Gaydaa AlZohbi, Faisal Asfand, Feroz Shaik, M. Imran Khan

Research output: Contribution to journalReview articlepeer-review

Abstract

Food drying is indispensable for preserving plant-based foods, yet it remains an energy-intensive unit operation with material implications for nutrition retention, greenhouse-gas emissions, and processing costs. Conventional hot-air and sun-based dryers remain widely used but are often characterized by high specific energy consumption (SEC), long residence times, and degradation of heat-sensitive nutrients. This review synthesizes advances in food drying technologies for plant-based products, spanning solar-assisted and hybrid solar dryers (including thermal storage), heat-pump dehumidification and closed-loop systems, microwave and radio-frequency volumetric heating, infrared radiative drying, vacuum and freeze drying, refractance window drying for purées, and emerging intensification routes such as ultrasound assistance, pulsed electric field pretreatment, and electrohydrodynamic drying. Reported studies indicate that advanced and hybrid drying systems, particularly heat-pump-based and staged hybrid configurations, can achieve SEC values on the order of ∼1–2 kWh·kg−1 H2O removed, corresponding in many cases to roughly 30–50% reductions relative to conventional hot-air baselines, while shortening drying times by up to ∼70% for suitable product geometries and loadings. For many fruits, vegetables, herbs, and plant-derived ingredients, these regimes support ≥80% retention of key heat-sensitive nutrients and bioactive compounds.
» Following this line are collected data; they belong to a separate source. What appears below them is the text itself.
lemma orthogonal_subspaces_sum:
  assumes E: "orthogonal_subspaces n E"
  shows "finite S \<Longrightarrow> (\<And>l. l \<in> S \<Longrightarrow> E b (f l)) \<Longrightarrow> E b (\<lambda>i. \<Sum>l\<in>S. f l i)"
proof (induction S rule: finite_induct)
  case empty
  thus ?case using orthogonal_subspacesD(1)[OF E] by simp
next
  case (insert a S)
  hence "E b (\<lambda>i. f a i + (\<Sum>l\<in>S. f l i))" using orthogonal_subspacesD(2)[OF E] by simp
  thus ?case using insert by simp
qed

lemma orthogonal_subspaces_diff:
  assumes E: "orthogonal_subspaces n E" and "E b x" "E b y"
  shows "E b (\<lambda>i. x i - y i)"
proof -
  have "E b (\<lambda>i. x i + (- 1) * y i)" using assms orthogonal_subspacesD[OF E] by blast
  thus ?thesis by simp
qed

lemma hermitian_eigenspaces_orthogonal_subspaces:
  assumes "H \<in> carrier_mat n n" and "ctrans H = H"
  shows "orthogonal_subspaces n (in_eigenspace H)"
  unfolding orthogonal_subspaces_def
  using in_eigenspace_zero in_eigenspace_add in_eigenspace_scale hermitian_eigenspaces_orthogonal[OF assms]
  by blast

lemma orth_residual_orthogonal_subspace:
  assumes E: "orthogonal_subspaces n E" and q: "\<forall>l<N. E (c l) (q l)" and x: "E b x"
  shows "E b (orth_residual n N q x)"
proof -
  have "E b (\<lambda>i. cinner n (q l) x * q l i)" if "l < N" for l
  proof (cases "c l = b")
    case True
    thus ?thesis using orthogonal_subspacesD(3)[OF E] q x that by blast
  next
    case False
    hence "cinner n (q l) x = 0" using orthogonal_subspacesD(4)[OF E] q x that by blast
    thus ?thesis using orthogonal_subspacesD(1)[OF E] by simp
  qed
  hence "E b (\<lambda>i. \<Sum>l<N. cinner n (q l) x * q l i)" by (intro orthogonal_subspaces_sum[OF E]) auto
  thus ?thesis unfolding orth_residual_def using orthogonal_subspaces_diff[OF E x] by blast
qed

lemma orth_residual_eq_self:
  assumes "\<forall>l<N. cinner n (q l) x = 0"
  shows "orth_residual n N q x = x"
  using assms unfolding orth_residual_def by simp

text \<open>Each Gram--Schmidt coefficient \<open>\<langle>q\<^sub>l, x\<rangle>\<close> is \<open>O(\<eta>)\<close> because \<open>\<langle>u\<^sub>l, u\<^sub>N\<rangle> = 0\<close>.\<close>

lemma orth_residual_close:
  assumes u: "orthonormal n (Suc N) u" and q: "orthonormal n N q"
    and qu: "\<forall>l<N. cnorm n (\<lambda>i. q l i - u l i) \<le> C * \<eta>" and xu: "cnorm n (\<lambda>i. x i - u N i) \<le> \<eta>"
    and C: "0 \<le> C" and \<eta>: "0 \<le> \<eta>" "\<eta> \<le> 1"
  shows "cnorm n (\<lambda>i. orth_residual n N q x i - u N i) \<le> \<eta> * (1 + real N * (2 * C + 1))"
proof -
  have x2: "cnorm n x \<le> 2"
    using cnorm_le_add_diff[of n x "u N"] orthonormal_cnorm[OF u] xu \<eta> by simp
  have coeff: "cmod (cinner n (q l) x) \<le> 2 * C * \<eta> + \<eta>" if l: "l < N" for l
  proof -
    have "cinner n (u l) (u N) = 0" using u l unfolding orthonormal_def by auto
    hence "cinner n (q l) x = cinner n (\<lambda>i. q l i - u l i) x + cinner n (u l) (\<lambda>i. x i - u N i)"
      by (simp add: cinner_diff_left cinner_diff_right)
    hence "cmod (cinner n (q l) x)
        \<le> cmod (cinner n (\<lambda>i. q l i - u l i) x) + cmod (cinner n (u l) (\<lambda>i. x i - u N i))"
      by (simp add: norm_triangle_ineq)
    also have "\<dots> \<le> cnorm n (\<lambda>i. q l i - u l i) * cnorm n x + cnorm n (u l) * cnorm n (\<lambda>i. x i - u N i)"
      by (intro add_mono cinner_Cauchy_Schwarz)
    also have "\<dots> \<le> (C * \<eta>) * 2 + 1 * \<eta>"
      using qu l x2 xu orthonormal_cnorm[OF u, of l] C \<eta> by (intro add_mono mult_mono) auto
    finally show ?thesis by simp
  qed
  have "cnorm n (\<lambda>i. orth_residual n N q x i - u N i)
      = cnorm n (\<lambda>i. (x i - u N i) - (\<Sum>l<N. cinner n (q l) x * q l i))"
    unfolding orth_residual_def by (rule cnorm_cong) simp
  also have "\<dots> \<le> cnorm n (\<lambda>i. x i - u N i) + cnorm n (\<lambda>i. \<Sum>l<N. cinner n (q l) x * q l i)"
    by (rule cnorm_diff_le)
  also have "\<dots> \<le> \<eta> + (\<Sum>l<N. cnorm n (\<lambda>i. cinner n (q l) x * q l i))"
    using xu cnorm_sum_le[of "{..<N}" n] by (intro add_mono) auto
  also have "\<dots> \<le> \<eta> + (\<Sum>l<N. 2 * C * \<eta> + \<eta>)"
    using coeff orthonormal_cnorm[OF q] by (intro add_mono sum_mono) (auto simp: cnorm_scale)
  finally show ?thesis by (simp add: algebra_simps)
qed
(* latency of vertex v: k_r = 0; otherwise k_v = min{i. v \<in> e_i} (1-based),
   L_v = sum of lengths of e_1..e_{k_v} *)
definition vertex_latency :: "('a set \<Rightarrow> nat) \<Rightarrow> 'a \<Rightarrow> 'a set list \<Rightarrow> 'a \<Rightarrow> nat" where
  "vertex_latency len r \<sigma> v =
     (if v = r then 0
      else sum_list (map len (take (Suc (LEAST i. i < length \<sigma> \<and> v \<in> \<sigma> ! i)) \<sigma>)))"

definition total_latency :: "'a set \<Rightarrow> ('a set \<Rightarrow> nat) \<Rightarrow> 'a \<Rightarrow> 'a set list \<Rightarrow> nat" where
  "total_latency V len r \<sigma> = (\<Sum>v\<in>V. vertex_latency len r \<sigma> v)"

definition H_path :: "nat \<Rightarrow> nat list \<Rightarrow> bool" where
  "H_path n P \<longleftrightarrow> P \<noteq> [] \<and> hd P = 1 \<and> last P = n \<and> sorted_wrt (<) P"

definition H_cost :: "nat \<Rightarrow> (nat \<Rightarrow> nat) \<Rightarrow> nat list \<Rightarrow> nat" where
  "H_cost n lenT P = (\<Sum>j\<in>{1..<length P}. (n - P ! (j - 1)) * lenT (P ! j))"

end

theory Submission
  imports Defs
begin

(* Let X_j be the set of vertices explored after the first j phases, together with r.
   By induction on j, X_j contains V(T_{n_j}): each edge of T_{n_j} lies inside an earlier tree,
   is appended in phase j, or is skipped because both its endpoints are already explored.
   A vertex v first explored in phase j has latency at most l(T_{n_1}) + ... + l(T_{n_j}), and
   it lies outside V(T_{n_(i-1)}) for every i <= j.  Summing over v, the length l(T_{n_i}) is
   charged to at most n - n_(i-1) vertices, which is the cost of the arc (n_(i-1), n_i) of H. *)

lemma graph_connected_subset_insert_Union:
  assumes "graph_connected W F" "r \<in> W"
  shows "W \<subseteq> insert r (\<Union> F)"
proof
  fix w assume "w \<in> W"
  with assms have "(adj F)\<^sup>*\<^sup>* r w" by (simp add: graph_connected_def)
  then show "w \<in> insert r (\<Union> F)"
    by (cases rule: rtranclp.cases) (auto simp: adj_def)
qed

lemma vertex_latency_append_le:
  fixes len :: "'a set \<Rightarrow> nat"
  assumes "v \<noteq> r" "v \<in> \<Union> (set xs)"
  shows "vertex_latency len r (xs @ ys) v \<le> sum_list (map len xs)"
proof -
  obtain i where i: "i < length xs" "v \<in> xs ! i"
    using assms(2) by (metis UnionE in_set_conv_nth)
  let ?k = "LEAST i. i < length (xs @ ys) \<and> v \<in> (xs @ ys) ! i"
  have "?k \<le> i" using i by (intro Least_le) (simp add: nth_append)
  then have "vertex_latency len r (xs @ ys) v = sum_list (map len (take (Suc ?k) xs))"
    using i assms(1) unfolding vertex_latency_def by simp
  also have "\<dots> \<le> sum_list (map len (take (Suc ?k) xs @ drop (Suc ?k) xs))"
    by (simp only: map_append sum_list_append le_add1)
  also have "\<dots> = sum_list (map len xs)" by simp
  finally show ?thesis .
qed

lemma sum_list_map_concat:
  "sum_list (map f (concat xss)) = (\<Sum>i<length xss. sum_list (map f (xss ! i)))"
  by (induction xss) (simp_all add: sum.lessThan_Suc_shift del: sum.lessThan_Suc)

lemma sum_list_nth_concat_le_sum:
  fixes f :: "'a \<Rightarrow> 'b :: canonically_ordered_monoid_add"
  assumes "distinct (concat xss)" "i < length xss" "set (xss ! i) \<subseteq> A" "finite A"
  shows "sum_list (map f (xss ! i)) \<le> sum f A"
  using assms by (simp add: distinct_concat_iff sum_list_distinct_conv_sum_set sum_mono2)

definition explored :: "'a \<Rightarrow> 'a set list list \<Rightarrow> nat \<Rightarrow> 'a set" where
  "explored r phases j = insert r (\<Union> (set (concat (take j phases))))"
When coupled with low-carbon electricity, waste-heat recovery, or solar assistance, reported drying-stage carbon intensities can be reduced to approximately ∼0.4–0.6 kg CO2-eq·kg−1 dried product. Techno-economic evidence further indicates that heat-pump and mixed drying systems can deliver payback periods below ∼5 years under moderate-to-high utilization and prevailing industrial energy prices. Overall, the review emphasizes that no single technology is universally optimal and provides a decision-oriented synthesis to guide technology selection and process integration toward energy-efficient, low-carbon, and quality-preserving food drying.

Original languageEnglish
Article number116918
Number of pages38
JournalRenewable and Sustainable Energy Reviews
Volume235
Early online date8 Apr 2026
DOIs
Publication statusE-pub ahead of print - 8 Apr 2026

UN SDGs

This output contributes to the following UN Sustainable Development Goals (SDGs)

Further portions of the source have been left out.